# PREVIEW-LINK-PLAN.md -- Public Preview Link (BYO-tunnel)

## Product Owner scope locks (decided 2026-06-18)
1. Command surface: `loki preview --public` (a flag on the existing command, NOT a new top-level command and NOT `loki share preview` which is a deprecated alias to report-gist). Respects the CLI-consolidation mandate.
2. Lifecycle: FOREGROUND-blocking with a trap teardown + "Press Ctrl+C to stop sharing." (Safer than background+pidfile: no orphaned public tunnel a user forgets about.)
3. Default provider / detection order: cloudflared first (quick tunnels need NO account), ngrok second (needs authtoken). `--provider cloudflared|ngrok` override.
4. Host-header rewrite: default-ON (cloudflared `--http-host-header localhost`, ngrok `--host-header=rewrite`) with a `--no-host-rewrite` escape. Fixes the #1 dev-server "Invalid Host header" failure.
5. Bun parity: bash-only is acceptable for v7.72.0 (HUD precedent; the Bun runner is dormant for the live path). No loki-ts mirror required now.
6. Consent: explicit, default-NO. Interactive `[y/N]` on a TTY (only ^[Yy] proceeds); `--yes` skips the prompt but still prints the warning; non-TTY without `--yes` REFUSES.

## 1. Goal
Loki builds + runs the app locally and `loki preview` (cmd_preview, autonomy/loki:5212) opens it at http://localhost:PORT. There is no way to share the running app. Add a consent-gated `--public` path that creates a PUBLIC URL for the already-running local app by wrapping the USER'S OWN tunnel CLI (cloudflared or ngrok). The app + the user's creds stay on their machine; Loki never proxies traffic and never bundles/downloads a binary. Delivers the "share what was built" wow (Replit/Lovable/Bolt have it) without breaking "your keys, nothing leaves your network."
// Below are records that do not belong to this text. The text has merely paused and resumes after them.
(* Let $n\ge 1$, let $\boldsymbol{L}\in\mathbb{R}^{n\times n}$ be Hurwitz, and for $m=1,\dots,n$ let $\boldsymbol{R}_m\in\mathbb{R}^{n\times n}$ be symmetric. Define $\boldsymbol{\Upsilon}:\mathbb{R}^n\to\mathbb{R}^n$ by $\Upsilon_m(\boldsymbol{a})=\boldsymbol{a}^T\boldsymbol{R}_m\boldsymbol{a}$, and assume $\boldsymbol{a}^T\boldsymbol{\Upsilon}(\boldsymbol{a})=0$ for all $\boldsymbol{a}\in\mathbb{R}^n$. Let $\boldsymbol{n}\in\mathbb{R}^n$ be a fixed vector with $\boldsymbol{n}^T\boldsymbol{\Upsilon}(\boldsymbol{a})=0$ for all $\boldsymbol{a}$, and set $\boldsymbol{M}_0:=\boldsymbol{I}$, $\boldsymbol{M}_i:=\boldsymbol{e}_i\boldsymbol{n}^T$ ($i=1,\dots,n$), $\boldsymbol{T}_j:=\boldsymbol{e}_j\boldsymbol{n}^T+\boldsymbol{n}\boldsymbol{e}_j^T$ ($j=1,\dots,n$), where $\boldsymbol{e}_k$ is the $k$-th standard unit vector. Consider the input-output system $$\dot{\boldsymbol{a}}=\boldsymbol{L}\boldsymbol{a}+\boldsymbol{\Upsilon}(\boldsymbol{a})+\boldsymbol{f}(t),\qquad \boldsymbol{y}=\boldsymbol{a},\qquad \boldsymbol{a}(0)=\boldsymbol{a}_0,$$ with input $\boldsymbol{f}:[0,\infty)\to\mathbb{R}^n$. Let $\delta>0$. Suppose there exist a symmetric matrix $\boldsymbol{P}\in\mathbb{R}^{n\times n}$, a scalar $\varepsilon>0$, scalars $s_1,\dots,s_n\ge 0$, and real scalars $\mu_0,\dots,\mu_n$, $\kappa_1,\dots,\kappa_n$ such that $\boldsymbol{P}-\varepsilon\boldsymbol{I}\succeq 0$ and $\boldsymbol{G}\preceq 0$, where $$\boldsymbol{G}:=\begin{bmatrix}\boldsymbol{L}^T\boldsymbol{P}+\boldsymbol{P}\boldsymbol{L}+\varepsilon\boldsymbol{I}+\sum_{m=1}^n s_m\delta^2\boldsymbol{R}_m\boldsymbol{R}_m & \boldsymbol{P}+\sum_{i=0}^n\mu_i\boldsymbol{M}_i\\ \boldsymbol{P}+\sum_{i=0}^n\mu_i\boldsymbol{M}_i^T & -\sum_{m=1}^n s_m\boldsymbol{e}_m\boldsymbol{e}_m^T+\sum_{j=1}^n\kappa_j\boldsymbol{T}_j\end{bmatrix}.$$ Let $\lambda_{\min}(\boldsymbol{P}),\lambda_{\max}(\boldsymbol{P})$ be the extreme eigenvalues of $\boldsymbol{P}$ and $\|2\boldsymbol{P}\|$ the spectral norm of $2\boldsymbol{P}$. Then for each $\boldsymbol{a}_0$ with $\|\boldsymbol{a}_0\|\le\delta\sqrt{\lambda_{\min}(\boldsymbol{P})/\lambda_{\max}(\boldsymbol{P})}$ the system is small-signal finite-gain $\mathcal{L}_p$ stable for each $p\in[1,\infty]$. In particular, for each $\tau\ge0$ and each $\boldsymbol{f}\in\mathcal{L}_{pe}$ with $$\sup_{0\le t\le\tau}\|\boldsymbol{f}(t)\|\le \frac{\lambda_{\min}(\boldsymbol{P})\,\varepsilon\,\delta}{\lambda_{\max}(\boldsymbol{P})\,\|2\boldsymbol{P}\|},$$ the state satisfies $\|\boldsymbol{a}(t)\|\le\delta$ for all $t\in[0,\tau]$ and the output satisfies $\|\boldsymbol{y}_\tau\|_{\mathcal{L}_p}\le\gamma\|\boldsymbol{f}_\tau\|_{\mathcal{L}_p}+\beta$, where $$\gamma=\frac{\lambda_{\max}(\boldsymbol{P})\|2\boldsymbol{P}\|}{\lambda_{\min}(\boldsymbol{P})\,\varepsilon},\qquad \beta=\|\boldsymbol{a}_0\|\sqrt{\frac{\lambda_{\max}(\boldsymbol{P})}{\lambda_{\min}(\boldsymbol{P})}}\,\rho,\qquad \rho=\begin{cases}1,&p=\infty,\\ \left(\frac{2\lambda_{\max}(\boldsymbol{P})}{\varepsilon p}\right)^{1/p},&p\in[1,\infty).\end{cases}$$
   Context: $\|\cdot\|$ denotes the Euclidean norm on $\mathbb{R}^n$. For a signal $\boldsymbol{g}:[0,\infty)\to\mathbb{R}^n$ and $\tau\ge0$, the truncation is $\boldsymbol{g}_\tau(t)=\boldsymbol{g}(t)$ for $0\le t\le\tau$ and $\boldsymbol{g}_\tau(t)=\boldsymbol{0}$ for $t>\tau$. For $p\in[1,\infty)$, $\|\boldsymbol{g}\|_{\mathcal{L}_p}=(\int_0^\infty\|\boldsymbol{g}(t)\|^p\,dt)^{1/p}$, and $\|\boldsymbol{g}\|_{\mathcal{L}_\infty}=\sup_{t\ge0}\|\boldsymbol{g}(t)\|$. $\mathcal{L}_p$ is the set of piecewise continuous $\boldsymbol{g}:[0,\infty)\to\mathbb{R}^n$ with finite $\mathcal{L}_p$ norm, and the extended space is $\mathcal{L}_{pe}=\{\boldsymbol{g}:\boldsymbol{g}_\tau\in\mathcal{L}_p\ \forall\tau\in[0,\infty)\}$. A matrix is Hurwitz if all its eigenvalues have negative real part. "Small-signal finite-gain $\mathcal{L}_p$ stable" means there exist constants $r>0$, $\gamma\ge0$, $\beta\ge0$ such that every input with $\sup_{0\le t\le\tau}\|\boldsymbol{f}(t)\|\le r$ yields $\|\boldsymbol{y}_\tau\|_{\mathcal{L}_p}\le\gamma\|\boldsymbol{f}_\tau\|_{\mathcal{L}_p}+\beta$; the explicit bounds are given in the claim. *)

theory Defs
  imports "HOL-Analysis.Analysis"
begin
text \<open>The binomial distribution with parameters \<open>n\<close> and \<open>\<pi>\<close> has factorial moments
  \<open>n (n - 1) \<dots> (n - k + 1) \<pi> ^ k\<close> and fourth central moment
  \<open>n \<pi> (1 - \<pi>) + 3 n (n - 2) (\<pi> (1 - \<pi>))\<^sup>2\<close>.\<close>

lemma binomial_central_moment4_le:
  fixes n \<pi> :: real
  assumes "0 \<le> \<pi>" and "\<pi> \<le> 1" and "0 \<le> n"
  shows "central_moment4 (\<lambda>k. falling_fact n k * \<pi> ^ k) (n * \<pi>) \<le> n * \<pi> + 3 * (n * \<pi>)^2"
proof -
  define a where "a = \<pi> * (1 - \<pi>)"
  have "0 \<le> a" "a \<le> \<pi>" using assms unfolding a_def by (auto simp: mult_left_le)
  have "n * a \<le> n * \<pi>" using \<open>a \<le> \<pi>\<close> \<open>0 \<le> n\<close> by (simp add: mult_left_mono)
  moreover have "n * (n - 2) * a^2 \<le> (n * \<pi>)^2"
  proof (cases "2 \<le> n")
    case True
    have "n * (n - 2) \<le> n^2" using \<open>0 \<le> n\<close> by (simp add: power2_eq_square algebra_simps)
    moreover have "a^2 \<le> \<pi>^2" using \<open>0 \<le> a\<close> \<open>a \<le> \<pi>\<close> by (simp add: power_mono)
    ultimately have "n * (n - 2) * a^2 \<le> n^2 * \<pi>^2" using True \<open>0 \<le> n\<close> by (intro mult_mono) auto
    then show ?thesis by (simp add: power_mult_distrib)
  next
    case False
    then have "n * (n - 2) * a^2 \<le> 0" using \<open>0 \<le> n\<close> by (simp add: mult_nonneg_nonpos mult_nonpos_nonneg)
    then show ?thesis by (meson order_trans zero_le_power2)
  qed
  moreover have "central_moment4 (\<lambda>k. falling_fact n k * \<pi> ^ k) (n * \<pi>) = n * a + 3 * (n * (n - 2) * a^2)"
    unfolding central_moment4_def a_def
    by (simp add: numeral_eq_Suc algebra_simps power2_eq_square power3_eq_cube power4_eq_xxxx)
  ultimately show ?thesis by linarith
qed

lemma sum_measure_pmf_eq_expectation_card:
  assumes "finite S"
  shows "(\<Sum>x\<in>S. measure_pmf.prob M {\<omega>. P \<omega> x}) = measure_pmf.expectation M (\<lambda>\<omega>. real (card {x\<in>S. P \<omega> x}))"
proof -
  have "real (card {x\<in>S. P \<omega> x}) = (\<Sum>x\<in>S. indicator {\<omega>. P \<omega> x} \<omega>)" for \<omega>
    using sum.inter_filter[OF assms, of "\<lambda>_. 1::real" "P \<omega>", symmetric]
    by (simp add: indicator_def of_bool_def)
  moreover have "integrable (measure_pmf M) (indicator A :: _ \<Rightarrow> real)" for A
    by (rule integrable_measure_pmf_bounded[where B = 1]) (simp add: indicator_def)
  ultimately show ?thesis by (simp add: Bochner_Integration.integral_sum)
qed

lemma geometric_half_sum_le: "(\<Sum>l<n. (1 / 2 :: real) ^ l) \<le> 2"
  by (simp add: geometric_sum)

locale five_independent_hashing =
  fixes H :: "(nat \<Rightarrow> nat) pmf" and u t :: nat and S :: "nat set" and q :: nat
  assumes indep: "five_independent H u t" and five_le_u: "5 \<le> u" and t_pos: "0 < t"
    and S_subset: "S \<subseteq> {..<u}" and q_less: "q < u" and q_notin_S: "q \<notin> S"
begin

lemma finite_S: "finite S"
  using S_subset finite_subset by blast

text \<open>\<open>falling_fact X k\<close> counts the \<open>k\<close>-tuples of distinct keys hashing into \<open>B\<close>; by
  5-independence each such tuple, together with \<open>h q = p\<close>, has probability \<open>(|B| / t) ^ k / t\<close>.\<close>

lemma expectation_point_falling_fact:
  assumes "k \<le> 4" and "p < t"
  shows "measure_pmf.expectation H
      (\<lambda>h. indicator {h. h q = p} h * falling_fact (real (card {y\<in>S. h y \<in> B})) k)
     = falling_fact (real (card S)) k * (real (card (B \<inter> {..<t})) / real t) ^ k / real t"
proof -
  define E where "E xs = {h. h q = p \<and> (\<forall>x\<in>set xs. h x \<in> B)}" for xs
  have count: "indicator {h. h q = p} h * falling_fact (real (card {y\<in>S. h y \<in> B})) k =
     (\<Sum>xs\<in>distinct_lists S k. indicator (E xs) h)" for h
  proof -
    have "distinct_lists {y\<in>S. h y \<in> B} k = {xs\<in>distinct_lists S k. \<forall>x\<in>set xs. h x \<in> B}"
      unfolding distinct_lists_def by auto
    then have "falling_fact (real (card {y\<in>S. h y \<in> B})) k
        = (\<Sum>xs\<in>distinct_lists S k. if \<forall>x\<in>set xs. h x \<in> B then 1 else 0)"
      using card_distinct_lists[of "{y\<in>S. h y \<in> B}" k] finite_S
        sum.inter_filter[OF finite_distinct_lists[OF finite_S, of k],
          of "\<lambda>_. 1::real" "\<lambda>xs. \<forall>x\<in>set xs. h x \<in> B"]
      by simp
    then show ?thesis by (cases "h q = p") (simp_all add: E_def indicator_def of_bool_def)
  qed
  have prob_E: "measure_pmf.prob H (E xs) = real (card (B \<inter> {..<t})) ^ k / real t ^ Suc k"
    if "xs \<in> distinct_lists S k" for xs
    using that five_independent_prob_point_hits[OF indep five_le_u t_pos q_less, of xs p B]
      assms S_subset q_notin_S unfolding distinct_lists_def E_def by auto
  have "measure_pmf.expectation H
      (\<lambda>h. indicator {h. h q = p} h * falling_fact (real (card {y\<in>S. h y \<in> B})) k)
     = (\<Sum>xs\<in>distinct_lists S k. measure_pmf.prob H (E xs))"
    unfolding count
    by (subst Bochner_Integration.integral_sum)
       (auto intro: integrable_measure_pmf_bounded[where B = 1] simp: indicator_def)
  also have "\<dots> = real (card (distinct_lists S k)) * real (card (B \<inter> {..<t})) ^ k / real t ^ Suc k"
    using prob_E by simp
  finally show ?thesis
    using card_distinct_lists[OF finite_S, of k] t_pos by (simp add: power_divide)
qed

lemma point_central_moment4_le:
  fixes B :: "nat set"
  assumes "p < t"
  defines "\<mu> \<equiv> real (card S) * (real (card (B \<inter> {..<t})) / real t)"
  shows "measure_pmf.expectation H
      (\<lambda>h. indicator {h. h q = p} h * (real (card {y\<in>S. h y \<in> B}) - \<mu>) ^ 4)
     \<le> (\<mu> + 3 * \<mu>^2) / real t"
proof -
  define \<pi> where "\<pi> = real (card (B \<inter> {..<t})) / real t"
  define X where "X h = real (card {y\<in>S. h y \<in> B})" for h
  define F where "F k = (\<lambda>h. indicator {h. h q = p} h * falling_fact (X h) k)" for k
  have "integrable (measure_pmf H) (F k)" for k
  proof (rule integrable_measure_pmf_bounded)
    fix h
    have "\<bar>X h\<bar> \<le> real (card S)" unfolding X_def using finite_S by (simp add: card_mono)
    then have "(\<bar>X h\<bar> + real k) ^ k \<le> (real (card S) + real k) ^ k" by (intro power_mono) auto
    then show "\<bar>F k h\<bar> \<le> (real (card S) + real k) ^ k"
      using abs_falling_fact_le[of "X h" k] unfolding F_def by (auto simp: indicator_def)
  qed
  then have "measure_pmf.expectation H (\<lambda>h. indicator {h. h q = p} h * (X h - \<mu>) ^ 4)
      = central_moment4 (\<lambda>k. measure_pmf.expectation H (F k)) \<mu>"
    unfolding power4_eq_central_moment4 F_def
    by (simp add: expectation_central_moment4 flip: central_moment4_mult)
  also have "\<dots> = central_moment4 (\<lambda>k. 1 / real t * (falling_fact (real (card S)) k * \<pi> ^ k)) \<mu>"
    by (rule central_moment4_cong) (simp add: F_def X_def \<pi>_def expectation_point_falling_fact[OF _ assms(1)])
  also have "\<dots> = central_moment4 (\<lambda>k. falling_fact (real (card S)) k * \<pi> ^ k) \<mu> / real t"
    by (simp only: central_moment4_mult) simp
  also have "\<dots> \<le> (\<mu> + 3 * \<mu>^2) / real t"
  proof (rule divide_right_mono)
    have "card (B \<inter> {..<t}) \<le> t" using card_mono[of "{..<t}" "B \<inter> {..<t}"] by simp
    then have "0 \<le> \<pi>" "\<pi> \<le> 1" unfolding \<pi>_def using t_pos by auto
    then show "central_moment4 (\<lambda>k. falling_fact (real (card S)) k * \<pi> ^ k) \<mu> \<le> \<mu> + 3 * \<mu>^2"
      unfolding \<mu>_def \<pi>_def[symmetric] by (intro binomial_central_moment4_le) auto
  qed simp
  finally show ?thesis unfolding X_def .
qed

lemma prob_point_deviation_le:
  fixes B :: "nat set" and d :: real
  assumes "p < t" and "0 < d"
  defines "\<mu> \<equiv> real (card S) * (real (card (B \<inter> {..<t})) / real t)"
  shows "measure_pmf.prob H {h. h q = p \<and> d \<le> real (card {y\<in>S. h y \<in> B}) - \<mu>}
    \<le> (\<mu> + 3 * \<mu>^2) / (real t * d ^ 4)"
proof -
  define f where "f h = indicator {h. h q = p} h * (real (card {y\<in>S. h y \<in> B}) - \<mu>) ^ 4" for h
  have "{h. h q = p \<and> d \<le> real (card {y\<in>S. h y \<in> B}) - \<mu>} \<subseteq> {h \<in> space (measure_pmf H). d ^ 4 \<le> f h}"
  proof
    fix h assume "h \<in> {h. h q = p \<and> d \<le> real (card {y\<in>S. h y \<in> B}) - \<mu>}"
    then have "h q = p" "d ^ 4 \<le> (real (card {y\<in>S. h y \<in> B}) - \<mu>) ^ 4"
      using \<open>0 < d\<close> by (auto intro: power_mono)
    then show "h \<in> {h \<in> space (measure_pmf H). d ^ 4 \<le> f h}" unfolding f_def by simp
  qed
  then have "measure_pmf.prob H {h. h q = p \<and> d \<le> real (card {y\<in>S. h y \<in> B}) - \<mu>}
      \<le> measure_pmf.prob H {h \<in> space (measure_pmf H). d ^ 4 \<le> f h}"
    by (rule measure_pmf.finite_measure_mono) simp
  also have "\<dots> \<le> measure_pmf.expectation H f / d ^ 4"
  proof (rule integral_Markov_inequality_measure[where A = UNIV])
    have "\<bar>f h\<bar> \<le> (real (card S) + \<mu>) ^ 4" for h
    proof -
      have "0 \<le> \<mu>" unfolding \<mu>_def by simp
      then have "\<bar>real (card {y\<in>S. h y \<in> B}) - \<mu>\<bar> \<le> real (card S) + \<mu>"
        using finite_S card_mono[of S "{y\<in>S. h y \<in> B}"] by auto
      then have "\<bar>real (card {y\<in>S. h y \<in> B}) - \<mu>\<bar> ^ 4 \<le> (real (card S) + \<mu>) ^ 4"
        by (rule power_mono) simp
      then show ?thesis unfolding f_def by (auto simp: indicator_def power_abs)
    qed
    then show "integrable (measure_pmf H) f" by (rule integrable_measure_pmf_bounded)
  qed (use \<open>0 < d\<close> in \<open>auto simp: f_def\<close>)
  also have "\<dots> \<le> (\<mu> + 3 * \<mu>^2) / real t / d ^ 4"
    using point_central_moment4_le[OF \<open>p < t\<close>, of B] \<open>0 < d\<close>
    unfolding f_def \<mu>_def by (intro divide_right_mono) auto
  finally show ?thesis by (simp add: divide_divide_eq_left)
qed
## 2. Command surface + dispatch
`loki preview --public` (+ `--provider`, `--yes`, `--no-host-rewrite`). The `preview)` dispatch arm (autonomy/loki:14596 -> cmd_preview "$@") already forwards args; no dispatch-table change. Add the flags to cmd_preview's arg parser (~:5214); `--public` branches into a new `_preview_public` helper BEFORE the existing browser-open logic. Update cmd_preview --help (~:5216-5229).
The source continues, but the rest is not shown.